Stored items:
● ● ● ● ●

section \<open>Compressions along a characteristic sequence\<close>

lemma characteristic_sequence_anchor:
  assumes st: "is_state \<psi>" and ch: "characteristic_sequence \<psi> \<Delta>" and \<psi>_b: "\<psi> b = 0"
    and \<delta>: "\<delta> > 0" and e: "e > 0"
  obtains m where "norm (cstar (\<Delta> m) * b * \<Delta> m) < e"
    and "\<forall>\<^sub>F n in sequentially. norm (cstar (\<Delta> n) * (1 - \<Delta> m) * \<Delta> n) < \<delta>
      \<and> norm (cstar (\<Delta> n) * b * \<Delta> n) < e"
proof -
  interpret \<psi>: additive \<psi> by unfold_locales (use st in \<open>simp add: is_state_def\<close>)
  have "\<forall>\<^sub>F m in sequentially. dist (\<psi> (\<Delta> m)) 1 < \<delta>"
    using ch \<delta> by (simp add: characteristic_sequence_def tendstoD)
  hence "\<forall>\<^sub>F m in sequentially. cmod (\<psi> (1 - \<Delta> m)) < \<delta>"
    using st by (simp add: \<psi>.diff is_state_def dist_norm norm_minus_commute)
  moreover have "\<forall>\<^sub>F m in sequentially. norm (cstar (\<Delta> m) * b * \<Delta> m) < e"
    using ch e \<psi>_b by (intro characteristic_sequence_eventually_less) auto
  ultimately obtain m where m: "cmod (\<psi> (1 - \<Delta> m)) < \<delta>" "norm (cstar (\<Delta> m) * b * \<Delta> m) < e"
    by (auto dest: eventually_happens[OF eventually_conj])
  moreover have "\<forall>\<^sub>F n in sequentially. norm (cstar (\<Delta> n) * (1 - \<Delta> m) * \<Delta> n) < \<delta>
      \<and> norm (cstar (\<Delta> n) * b * \<Delta> n) < e"
    using ch m(1) e \<psi>_b by (intro eventually_conj characteristic_sequence_eventually_less) auto
  ultimately show ?thesis using that by blast
qed

lemma compressed_difference_eventually_small_centred:
  fixes \<pi> \<Phi> :: "'a::cstar_algebra \<Rightarrow> 'h::chilbert \<Rightarrow> 'h"
  assumes r: "unital_star_rep \<pi>" and u: "ucp_map \<Phi>" and eqS: "\<forall>s\<in>S. \<Phi> s = \<pi> s"
    and st: "is_state \<psi>" and ch: "characteristic_sequence \<psi> \<Delta>" and inS: "\<forall>n. \<Delta> n \<in> S"
    and \<psi>_b: "\<psi> b = 0" and e: "e > 0"
  shows "\<forall>\<^sub>F n in sequentially. \<forall>h. norm h \<le> 1 \<longrightarrow>
    norm (\<pi> (cstar (\<Delta> n)) (\<Phi> b (\<pi> (\<Delta> n) h) - \<pi> b (\<pi> (\<Delta> n) h))) \<le> e"
proof -
  have norm_\<Delta>: "norm (\<Delta> n) = 1" for n
    using ch by (simp add: characteristic_sequence_def)
  define q where "q = e / (12 * (norm b + 1))"
  have b1: "norm b + 1 > 0" using norm_ge_zero[of b] by linarith
  have q: "q > 0" using e b1 by (simp add: q_def)
  have "4 * (norm b * q) \<le> 4 * ((norm b + 1) * q)" using q by simp
  also have "\<dots> = e / 3" using b1 by (simp add: q_def field_simps)
  finally have bq: "4 * (norm b * q) \<le> e / 3" .
  obtain m where m: "norm (cstar (\<Delta> m) * b * \<Delta> m) < e / 3"
    and ev: "\<forall>\<^sub>F n in sequentially. norm (cstar (\<Delta> n) * (1 - \<Delta> m) * \<Delta> n) < q\<^sup>2 / 2
      \<and> norm (cstar (\<Delta> n) * b * \<Delta> n) < e / 3"
    using characteristic_sequence_anchor[OF st ch \<psi>_b, of "q\<^sup>2 / 2" "e / 3"] q e by auto
  show ?thesis
    using ev
  proof (rule eventually_mono, intro allI impI)
    fix n and h :: 'h
    assume n: "norm (cstar (\<Delta> n) * (1 - \<Delta> m) * \<Delta> n) < q\<^sup>2 / 2 \<and> norm (cstar (\<Delta> n) * b * \<Delta> n) < e / 3"
      and h: "norm h \<le> 1"
    have "sqrt (2 * norm (cstar (\<Delta> n) * (1 - \<Delta> m) * \<Delta> n)) \<le> q"
      using n q by (simp add: real_le_lsqrt)
    hence "4 * (norm b * sqrt (2 * norm (cstar (\<Delta> n) * (1 - \<Delta> m) * \<Delta> n))) \<le> e / 3"
      using bq by (smt (verit) mult_left_mono norm_ge_zero)
    hence "cmod (cinner g (\<pi> (cstar (\<Delta> n)) (\<Phi> b (\<pi> (\<Delta> n) h) - \<pi> b (\<pi> (\<Delta> n) h)))) \<le> e"
      if "norm g \<le> 1" for g
      using compressed_difference_le[OF u r _ _ _ that h, of "\<Delta> m" "\<Delta> n" b] eqS inS norm_\<Delta> n m
      by fastforce
    thus "norm (\<pi> (cstar (\<Delta> n)) (\<Phi> b (\<pi> (\<Delta> n) h) - \<pi> b (\<pi> (\<Delta> n) h))) \<le> e"
      by (rule norm_le_if_cinner_le)
  qed
qed

lemma compressed_difference_eventually_small:
  fixes \<pi> \<Phi> :: "'a::cstar_algebra \<Rightarrow> 'h::chilbert \<Rightarrow> 'h"
  assumes r: "unital_star_rep \<pi>" and u: "ucp_map \<Phi>" and eqS: "\<forall>s\<in>S. \<Phi> s = \<pi> s"
    and st: "is_state \<psi>" and ch: "characteristic_sequence \<psi> \<Delta>" and inS: "\<forall>n. \<Delta> n \<in> S"
    and e: "e > 0"
  shows "\<forall>\<^sub>F n in sequentially. \<forall>h. norm h \<le> 1 \<longrightarrow>
    norm (\<pi> (cstar (\<Delta> n)) (\<Phi> a (\<pi> (\<Delta> n) h) - \<pi> a (\<pi> (\<Delta> n) h))) \<le> e"
proof -
  interpret \<psi>: additive \<psi> by unfold_locales (use st in \<open>simp add: is_state_def\<close>)
  interpret \<Phi>: additive "\<lambda>a. \<Phi> a h" for h by (rule linear_map_BH_additive[OF ucp_map_linear[OF u]])
  interpret \<pi>: additive "\<lambda>a. \<pi> a h" for h
    by (rule linear_map_BH_additive[OF ucp_map_linear[OF unital_star_rep_ucp_map[OF r]]])
  define b where "b = a - \<psi> a *\<^sub>C 1"
  have "\<psi> b = 0"
    using st by (simp add: b_def \<psi>.diff is_state_def)
  moreover have "\<Phi> b k - \<pi> b k = \<Phi> a k - \<pi> a k" for k
    by (simp add: b_def \<Phi>.diff \<pi>.diff linear_map_BH_scaleC[OF ucp_map_linear[OF u]]
        linear_map_BH_scaleC[OF ucp_map_linear[OF unital_star_rep_ucp_map[OF r]]]
        ucp_map_unital[OF u] ucp_map_unital[OF unital_star_rep_ucp_map[OF r]])
  ultimately show ?thesis
    using compressed_difference_eventually_small_centred[OF r u eqS st ch inS _ e, of b] by simp
qed

lemma unital_star_rep_norm_compressed_le:
  fixes \<pi> :: "'a::cstar_algebra \<Rightarrow> 'h::chilbert \<Rightarrow> 'h"
  assumes r: "unital_star_rep \<pi>" and h: "norm h \<le> 1"
  shows "norm (\<pi> x (\<pi> d h)) \<le> sqrt (norm (cstar d * (cstar x * x) * d))"
proof -
  have "norm (\<pi> x (\<pi> d h)) = norm (\<pi> (x * d) h)"
    by (simp add: unital_star_rep_mult[OF r])
  also have "\<dots> \<le> norm (x * d) * norm h"
    by (rule ucp_contractive[OF unital_star_rep_ucp_map[OF r]])
  also have "\<dots> \<le> norm (x * d)"
    by (rule mult_left_le[OF h norm_ge_zero])
  also have "(norm (x * d))\<^sup>2 = norm (cstar d * (cstar x * x) * d)"
    using cstar_identity[of "x * d"] by (simp add: cstar_mult mult.assoc)
  hence "norm (x * d) = sqrt (norm (cstar d * (cstar x * x) * d))"
    by (simp add: real_sqrt_unique[symmetric])
  finally show ?thesis .
qed

lemma compressed_vector_difference_le:
  fixes \<pi> \<Phi> :: "'a::cstar_algebra \<Rightarrow> 'h::chilbert \<Rightarrow> 'h"
  assumes r: "unital_star_rep \<pi>" and u: "ucp_map \<Phi>" and h: "norm h \<le> 1"
    and small: "norm (\<pi> (cstar d) (\<Phi> (cstar x * x) (\<pi> d h) - \<pi> (cstar x * x) (\<pi> d h))) \<le> \<epsilon>"
  shows "norm (\<Phi> x (\<pi> d h) - \<pi> x (\<pi> d h))
    \<le> sqrt (norm (cstar d * (cstar x * x) * d) + \<epsilon>) + sqrt (norm (cstar d * (cstar x * x) * d))"
proof -
  define k where "k = \<pi> d h"
  define N where "N = norm (cstar d * (cstar x * x) * d)"
  have \<pi>_x: "norm (\<pi> x k) \<le> sqrt N"
    unfolding k_def N_def by (rule unital_star_rep_norm_compressed_le[OF r h])
  have "(norm (\<Phi> x k))\<^sup>2 \<le> Re (cinner k (\<Phi> (cstar x * x) k - \<pi> (cstar x * x) k)) + Re (cinner k (\<pi> (cstar x * x) k))"
    using ucp_Kadison_Schwarz[OF u, of x k] by (simp add: cinner_right.diff)
  moreover have "Re (cinner k (\<Phi> (cstar x * x) k - \<pi> (cstar x * x) k)) \<le> \<epsilon>"
  proof -
    have "cinner k (\<Phi> (cstar x * x) k - \<pi> (cstar x * x) k)
        = cinner h (\<pi> (cstar d) (\<Phi> (cstar x * x) k - \<pi> (cstar x * x) k))"
      by (simp add: k_def unital_star_rep_adjoint[OF r])
    hence "Re (cinner k (\<Phi> (cstar x * x) k - \<pi> (cstar x * x) k))
        \<le> norm h * norm (\<pi> (cstar d) (\<Phi> (cstar x * x) k - \<pi> (cstar x * x) k))"
      using complex_Re_le_cmod norm_cinner_le order_trans by metis
    also have "\<dots> \<le> \<epsilon>"
      using small h unfolding k_def by (meson mult_left_le_one_le norm_ge_zero order_trans)
    finally show ?thesis .
  qed
  moreover have "Re (cinner k (\<pi> (cstar x * x) k)) = (norm (\<pi> x k))\<^sup>2"
    by (simp add: unital_star_rep_mult[OF r] unital_star_rep_adjoint[OF r] Re_cinner_self)
  moreover have "(norm (\<pi> x k))\<^sup>2 \<le> N"
    using power_mono[OF \<pi>_x norm_ge_zero, of 2] by (simp add: N_def)
  ultimately have "norm (\<Phi> x k) \<le> sqrt (\<epsilon> + N)"
    by (intro real_le_rsqrt) linarith
  thus ?thesis
    using \<pi>_x norm_triangle_ineq4[of "\<Phi> x k" "\<pi> x k"] by (simp add: k_def N_def add.commute)
qed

● ● ● ● ●

» How to complete this task:
Your task is to quote, without any alteration, the lines running from the top of the records to the line that holds "using st by (simp add: \<psi>.diff", both included.

» Solution to this exercise:
section \<open>Compressions along a characteristic sequence\<close>

lemma characteristic_sequence_anchor:
  assumes st: "is_state \<psi>" and ch: "characteristic_sequence \<psi> \<Delta>" and \<psi>_b: "\<psi> b = 0"
    and \<delta>: "\<delta> > 0" and e: "e > 0"
  obtains m where "norm (cstar (\<Delta> m) * b * \<Delta> m) < e"
    and "\<forall>\<^sub>F n in sequentially. norm (cstar (\<Delta> n) * (1 - \<Delta> m) * \<Delta> n) < \<delta>
      \<and> norm (cstar (\<Delta> n) * b * \<Delta> n) < e"
proof -
  interpret \<psi>: additive \<psi> by unfold_locales (use st in \<open>simp add: is_state_def\<close>)
  have "\<forall>\<^sub>F m in sequentially. dist (\<psi> (\<Delta> m)) 1 < \<delta>"
    using ch \<delta> by (simp add: characteristic_sequence_def tendstoD)
  hence "\<forall>\<^sub>F m in sequentially. cmod (\<psi> (1 - \<Delta> m)) < \<delta>"
    using st by (simp add: \<psi>.diff is_state_def dist_norm norm_minus_commute)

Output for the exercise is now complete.